O lo que es lo mismo, un cine basado en el propio cine y un cine que encuentra en la realidad circundante su razón de ser.
La cinematografía asiática, frente al más adocenado cine occidental, sigue proporcionándonos gratas sorpresas. Y no es que hayamos manipulado los datos para llegar a tal conclusión: que hayamos visto la mediocre The woods y la espléndida Suicide club en un mismo fin de semana solo es fruto de la más pura casualidad.
The woods, inédita en los cines pero estrenada en formato doméstico con el título de El bosque maldito, es la segunda película de Lucky McKee, que debutara con la interesantísima May. En esta ocasión se nos cuenta la historia de una joven pirómana (Agnes Bruckner, vista en la todavía peor La marca del lobo; qué carrerón el de esta chica) que es internada por sus padres en un colegio privado; allí se enfrentará a una alumna veterana (Rachel Nichols, célebre por la quinta temporada de Alias) y a la férrea directora del centro (Patricia Clarkson, estupenda en Buenas noches, y buena suerte).
El primer trabajo de McKee, la citada May, no era el colmo de la originalidad, y su principal referente pronto se revelaba al espectador: como si de una nueva versión apócrifa de Carrie se tratase, pero vista desde una óptica más propia del cine indie, las andanzas de la retraída May interesaban al espectador gracias a un competente trabajo de dirección por parte de McKee, así como por la memorable composición que de su personaje hacía una magistral Angela Bettis.
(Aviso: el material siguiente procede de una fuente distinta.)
(* Let $f=\frac1n\sum_{z=1}^nf_z$ where each $\nabla f_z$ is $L$-Lipschitz and $\|\nabla f_z(x)\|\le l$ for all $x$ and $z$. In an SCSG inner loop (see context) with $b\ge1$, $n\ge8b$ and $\eta L=\gamma(b/n)^{2/3}$, $\gamma\le\frac13$, each iteration satisfies $$\mathbb{E}[f(x_t)-f(x_{t-1})]\le\frac{5l^2\gamma^2}{L}\left(\frac bn\right)^{4/3}.$$
   Context: SCSG inner loop with snapshot $\tilde x$: $\tilde\mu=\nabla f(\tilde x)$, $x_0=\tilde x$, and $x_t=x_{t-1}-\eta(\nabla f_{I_t}(x_{t-1})-\nabla f_{I_t}(\tilde x)+\tilde\mu)$, where $I_t\subset[n]$ is a uniformly random subset of size $b$ and $\nabla f_I=\frac1{|I|}\sum_{i\in I}\nabla f_i$. *)

theory Defs
  imports "HOL-Analysis.Analysis" "HOL-Probability.Probability"
begin

definition batch_grad :: "(nat \<Rightarrow> 'a \<Rightarrow> 'a::real_vector) \<Rightarrow> nat set \<Rightarrow> 'a \<Rightarrow> 'a" where
  "batch_grad g I x = (1 / real (card I)) *\<^sub>R (\<Sum>i\<in>I. g i x)"

definition batches :: "nat \<Rightarrow> nat \<Rightarrow> nat set set" where
  "batches n b = {I. I \<subseteq> {1..n} \<and> card I = b}"

text \<open>SCSG inner loop: starting from the snapshot xt, apply the steps given by the
  list of batches Is = [I_1, ..., I_k]; the result is x_k.  mu is the snapshot gradient.\<close>
definition scsg_iter :: "(nat \<Rightarrow> 'a \<Rightarrow> 'a::real_vector) \<Rightarrow> real \<Rightarrow> 'a \<Rightarrow> 'a \<Rightarrow> nat set list \<Rightarrow> 'a" where
  "scsg_iter g \<eta> mu xt Is =
     foldl (\<lambda>x I. x - \<eta> *\<^sub>R (batch_grad g I x - batch_grad g I xt + mu)) xt Is"

end

theory Submission
  imports Defs
begin

text \<open>
  Write \<open>v\<^sub>I(y) = \<nabla>f\<^sub>I(y) - \<nabla>f\<^sub>I(x\<^sub>s) + \<nabla>f(x\<^sub>s)\<close> for the step direction, so that
  \<open>x\<^sub>t = x\<^sub>t\<^sub>-\<^sub>1 - \<eta> v\<^sub>I\<^sub>t(x\<^sub>t\<^sub>-\<^sub>1)\<close>.  By the descent lemma for the \<open>L\<close>-smooth function \<open>f\<close>,
  \<open>f(x\<^sub>t) - f(x\<^sub>t\<^sub>-\<^sub>1) \<le> -\<eta> \<langle>\<nabla>f(x\<^sub>t\<^sub>-\<^sub>1), v\<^sub>I\<^sub>t(x\<^sub>t\<^sub>-\<^sub>1)\<rangle> + L\<eta>\<^sup>2/2 \<parallel>v\<^sub>I\<^sub>t(x\<^sub>t\<^sub>-\<^sub>1)\<parallel>\<^sup>2\<close>.
  Averaging over the last batch with the earlier ones fixed, \<open>v\<^sub>I(y)\<close> is an unbiased
  estimate of \<open>\<nabla>f(y)\<close>, so the linear term contributes \<open>-\<eta>\<parallel>\<nabla>f(y)\<parallel>\<^sup>2 \<le> 0\<close>, while
  \<open>\<parallel>v\<^sub>I\<parallel> \<le> 3l\<close>.  Hence the expected increase is at most
  \<open>9/2 L\<eta>\<^sup>2l\<^sup>2 = 9/2 l\<^sup>2\<gamma>\<^sup>2/L (b/n)\<^sup>4\<^sup>/\<^sup>3\<close>.
\<close>

lemma descent_lemma:
  fixes F :: "'a::real_inner \<Rightarrow> real" and G :: "'a \<Rightarrow> 'a"
  assumes grad: "\<And>x. GDERIV F x :> G x"
    and lip: "\<And>x y. norm (G x - G y) \<le> L * norm (x - y)"
  shows "F y \<le> F x + inner (G x) (y - x) + L / 2 * norm (y - x)^2"
proof -
  define d where "d = y - x"
  define \<phi> where "\<phi> s = F (x + s *\<^sub>R d) - s * inner (G x) d - L / 2 * s^2 * norm d^2" for s
  have \<phi>_deriv: "DERIV \<phi> s :> inner d (G (x + s *\<^sub>R d)) - inner (G x) d - L * s * norm d^2" for s
  proof -
    have "((\<lambda>s. x + s *\<^sub>R d) has_derivative (\<lambda>h. h *\<^sub>R d)) (at s)"
      by (auto intro!: derivative_eq_intros)
    from has_derivative_compose[OF this grad[unfolded gderiv_def]]
    have "DERIV (\<lambda>s. F (x + s *\<^sub>R d)) s :> inner d (G (x + s *\<^sub>R d))"
      by (simp add: has_field_derivative_def mult_commute_abs)
    then show ?thesis
      unfolding \<phi>_def by (auto intro!: derivative_eq_intros)
  qed
  have "\<phi> 1 \<le> \<phi> 0"
  proof (rule DERIV_nonpos_imp_nonincreasing[of 0 1 \<phi>])
    fix s :: real
    assume s: "0 \<le> s" "s \<le> 1"
    have "inner d (G (x + s *\<^sub>R d) - G x) \<le> norm d * norm (G (x + s *\<^sub>R d) - G x)"
      by (rule norm_cauchy_schwarz)
    also have "\<dots> \<le> norm d * (L * norm (s *\<^sub>R d))"
      using lip[of "x + s *\<^sub>R d" x] by (simp add: mult_left_mono)
    also have "\<dots> = L * s * norm d^2"
      using s by (simp add: power2_eq_square)
    finally have "inner d (G (x + s *\<^sub>R d)) - inner (G x) d - L * s * norm d^2 \<le> 0"
      by (simp add: inner_diff_right inner_commute)
    then show "\<exists>D. DERIV \<phi> s :> D \<and> D \<le> 0"
      using \<phi>_deriv by blast
  qed simp
  then show ?thesis
    unfolding \<phi>_def d_def by simp
qed

text \<open>
  Averaged over finitely many steps \<open>y - \<eta> v\<^sub>I\<close> whose directions have mean \<open>\<nabla>F(y)\<close>,
  the first-order term of the descent lemma is \<open>-\<eta>\<parallel>\<nabla>F(y)\<parallel>\<^sup>2\<close> and can be dropped.
\<close>
lemma sum_descent_unbiased_le:
  fixes F :: "'a::real_inner \<Rightarrow> real" and G :: "'a \<Rightarrow> 'a"
  assumes grad: "\<And>x. GDERIV F x :> G x"
    and lip: "\<And>x y. norm (G x - G y) \<le> L * norm (x - y)"
    and unbiased: "(\<Sum>I\<in>B. v I) = real (card B) *\<^sub>R G y"
    and bounded: "\<And>I. I \<in> B \<Longrightarrow> norm (v I) \<le> V"
    and "\<eta> \<ge> 0" "L \<ge> 0"
  shows "(\<Sum>I\<in>B. F (y - \<eta> *\<^sub>R v I) - F y) \<le> real (card B) * (L / 2 * \<eta>^2 * V^2)"
proof -
  have step: "F (y - \<eta> *\<^sub>R v I) - F y \<le> - \<eta> * inner (G y) (v I) + L / 2 * \<eta>^2 * V^2"
    if "I \<in> B" for I
  proof -
    have "F (y - \<eta> *\<^sub>R v I) \<le> F y - \<eta> * inner (G y) (v I) + L / 2 * \<eta>^2 * norm (v I)^2"
      using descent_lemma[OF grad lip, of "y - \<eta> *\<^sub>R v I" y] \<open>\<eta> \<ge> 0\<close>
      by (simp add: power_mult_distrib)
    moreover have "norm (v I)^2 \<le> V^2"
      using bounded[OF that] by (meson norm_ge_zero power_mono)
    then have "L / 2 * \<eta>^2 * norm (v I)^2 \<le> L / 2 * \<eta>^2 * V^2"
      using \<open>L \<ge> 0\<close> by (simp add: mult_left_mono)
    ultimately show ?thesis by linarith
  qed
  have "(\<Sum>I\<in>B. F (y - \<eta> *\<^sub>R v I) - F y)
      \<le> (\<Sum>I\<in>B. - \<eta> * inner (G y) (v I) + L / 2 * \<eta>^2 * V^2)"
    by (rule sum_mono) (rule step)
  also have "\<dots> = - \<eta> * inner (G y) (\<Sum>I\<in>B. v I) + real (card B) * (L / 2 * \<eta>^2 * V^2)"
    unfolding sum.distrib sum_constant inner_sum_right sum_distrib_left mult_minus_left sum_negf
    by simp
  also have "\<dots> = - \<eta> * real (card B) * norm (G y)^2 + real (card B) * (L / 2 * \<eta>^2 * V^2)"
    by (simp add: unbiased power2_norm_eq_inner)
  also have "\<dots> \<le> real (card B) * (L / 2 * \<eta>^2 * V^2)"
    using \<open>\<eta> \<ge> 0\<close> by simp
  finally show ?thesis .
qed

lemma GDERIV_scaled_sum:
  assumes "\<And>z. z \<in> Z \<Longrightarrow> GDERIV (f z) x :> D z"
  shows "GDERIV (\<lambda>x. c * (\<Sum>z\<in>Z. f z x)) x :> c *\<^sub>R (\<Sum>z\<in>Z. D z)"
proof -
  have "((\<lambda>x. \<Sum>z\<in>Z. f z x) has_derivative (\<lambda>h. \<Sum>z\<in>Z. inner h (D z))) (at x)"
    by (rule has_derivative_sum) (use assms in \<open>simp add: gderiv_def\<close>)
  then have "((\<lambda>x. c * (\<Sum>z\<in>Z. f z x)) has_derivative (\<lambda>h. c * (\<Sum>z\<in>Z. inner h (D z)))) (at x)"
    by (rule has_derivative_mult_right)
  then show ?thesis
    by (simp add: gderiv_def inner_sum_right)
qed

lemma batch_grad_lipschitz:
  fixes g :: "nat \<Rightarrow> 'a \<Rightarrow> 'a::real_normed_vector"
  assumes lip: "\<And>z. z \<in> I \<Longrightarrow> norm (g z x - g z y) \<le> L * norm (x - y)" and "L \<ge> 0"
  shows "norm (batch_grad g I x - batch_grad g I y) \<le> L * norm (x - y)"
proof (cases "card I = 0")
  case True
  then show ?thesis
    using \<open>L \<ge> 0\<close> by (simp add: batch_grad_def)
next
  case False
  have "norm (\<Sum>z\<in>I. g z x - g z y) \<le> real (card I) * (L * norm (x - y))"
    using sum_norm_le[of I "\<lambda>z. g z x - g z y", OF lip] by simp
  moreover have "batch_grad g I x - batch_grad g I y = (1 / real (card I)) *\<^sub>R (\<Sum>z\<in>I. g z x - g z y)"
    by (simp add: batch_grad_def sum_subtractf scaleR_diff_right)
  ultimately show ?thesis
    using False by (simp add: field_simps)
qed

lemma norm_batch_grad_le:
  fixes g :: "nat \<Rightarrow> 'a \<Rightarrow> 'a::real_normed_vector"
  assumes bnd: "\<And>z. z \<in> I \<Longrightarrow> norm (g z x) \<le> l" and "card I \<noteq> 0"
  shows "norm (batch_grad g I x) \<le> l"
proof -
  have "norm (\<Sum>z\<in>I. g z x) \<le> real (card I) * l"
    using sum_norm_le[of I "\<lambda>z. g z x", OF bnd] by simp
  then show ?thesis
    using \<open>card I \<noteq> 0\<close> by (simp add: batch_grad_def field_simps)
qed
Con The woods, McKee vuelve al género del terror, y lo hace con otro remedo de cintas anteriores: esta historia de internado femenino con pasado inquietante y rodeado de misteriosos bosques debe mucho, en realidad demasiado, a los árboles vivientes de Posesión infernal y, sobre todo, a Suspiria de Dario Argento, de la que esta parece un convencional remake sin la genialidad golfa y desvergonzada del italiano.
Frente al sopor que produce el visionado de The woods, experiencia carente de toda posibilidad de sorpresa, y donde solo destacan aspectos técnicos como la fotografía o la partitura original, señalar el creciente interés que despierta, conforme avanza su metraje, la provocadora Suicide club, cinta japonesa que, como la anterior, solo se ha visto aquí estrenada en deuvedé.
Más tosca que la cinta de McKee, pero mucho más interesante a nivel de ideas, este film dirigido por Sono Sion en 2002 forma parte de ese extraño subgénero, no codificado como tal pero indudablemente existente, que está integrado por esas películas de género fantástico, de terror o de autor que, tras su premisa argumental, ocultan una visión del mundo deshumanizado en el que nos ha tocado en desgracia vivir.
El Club de la Lucha, de David Fincher, será sin duda el referente más socorrido. Pero pienso también en cintas como Crash de David Cronenberg o la reciente Hostel de Eli Roth, trabajos tan políticos como el cine de Ken Loach o más que las producciones de Oliver Stone.
El arranque de Suicide club es, simplemente, tan aterrador como espectacular: cincuenta y cuatro alumnas de varios institutos de Tokio deciden suicidarse al unísono lanzándose frente a un tren de metro para ser arrolladas, todas ellas cogidas de la mano y sin perder la sonrisa ni por un momento... Estos serán los primeros suicidios de una larga lista que tendrá en jaque a la Policía de la ciudad.
A partir de ahí, la película mantendrá la atención del espectador durante todo su metraje. Conforme avanza la acción, este va dándose cuenta de que es poco menos que imposible descubrir quién está detrás de esta ola de muertes... porque posiblemente no haya nadie. Sí existe un Club del Suicidio que aboga por despedirse de la vida en masa, y sí existe una web que va registrando dichas muertes, de la misma forma que existe un sector de la población (ahí está la chica que responde al nombre de El Murciélago, y que trata de ayudar a los agentes de la ley) que se opone a ello. Pero al final se pone de manifiesto que los culpables somos todos.
Como muestra de la sociedad contemporánea, somos testigos de un Japón convulso, con una juventud, futuro de la nación, marcada por el consumo de drogas y la prostitución de adolescentes, y que ya no tiene esperanzas en el día de mañana. Es el mismo país y la misma situación que denunciaba la también política Battle Royale de Kenji Fukasaku: allí se mataban unos a otros, aquí se matan a sí mismos. Pero el resultado es el mismo: la muerte como una salida; quizá no la más válida, pero sí la más fácil y efectiva.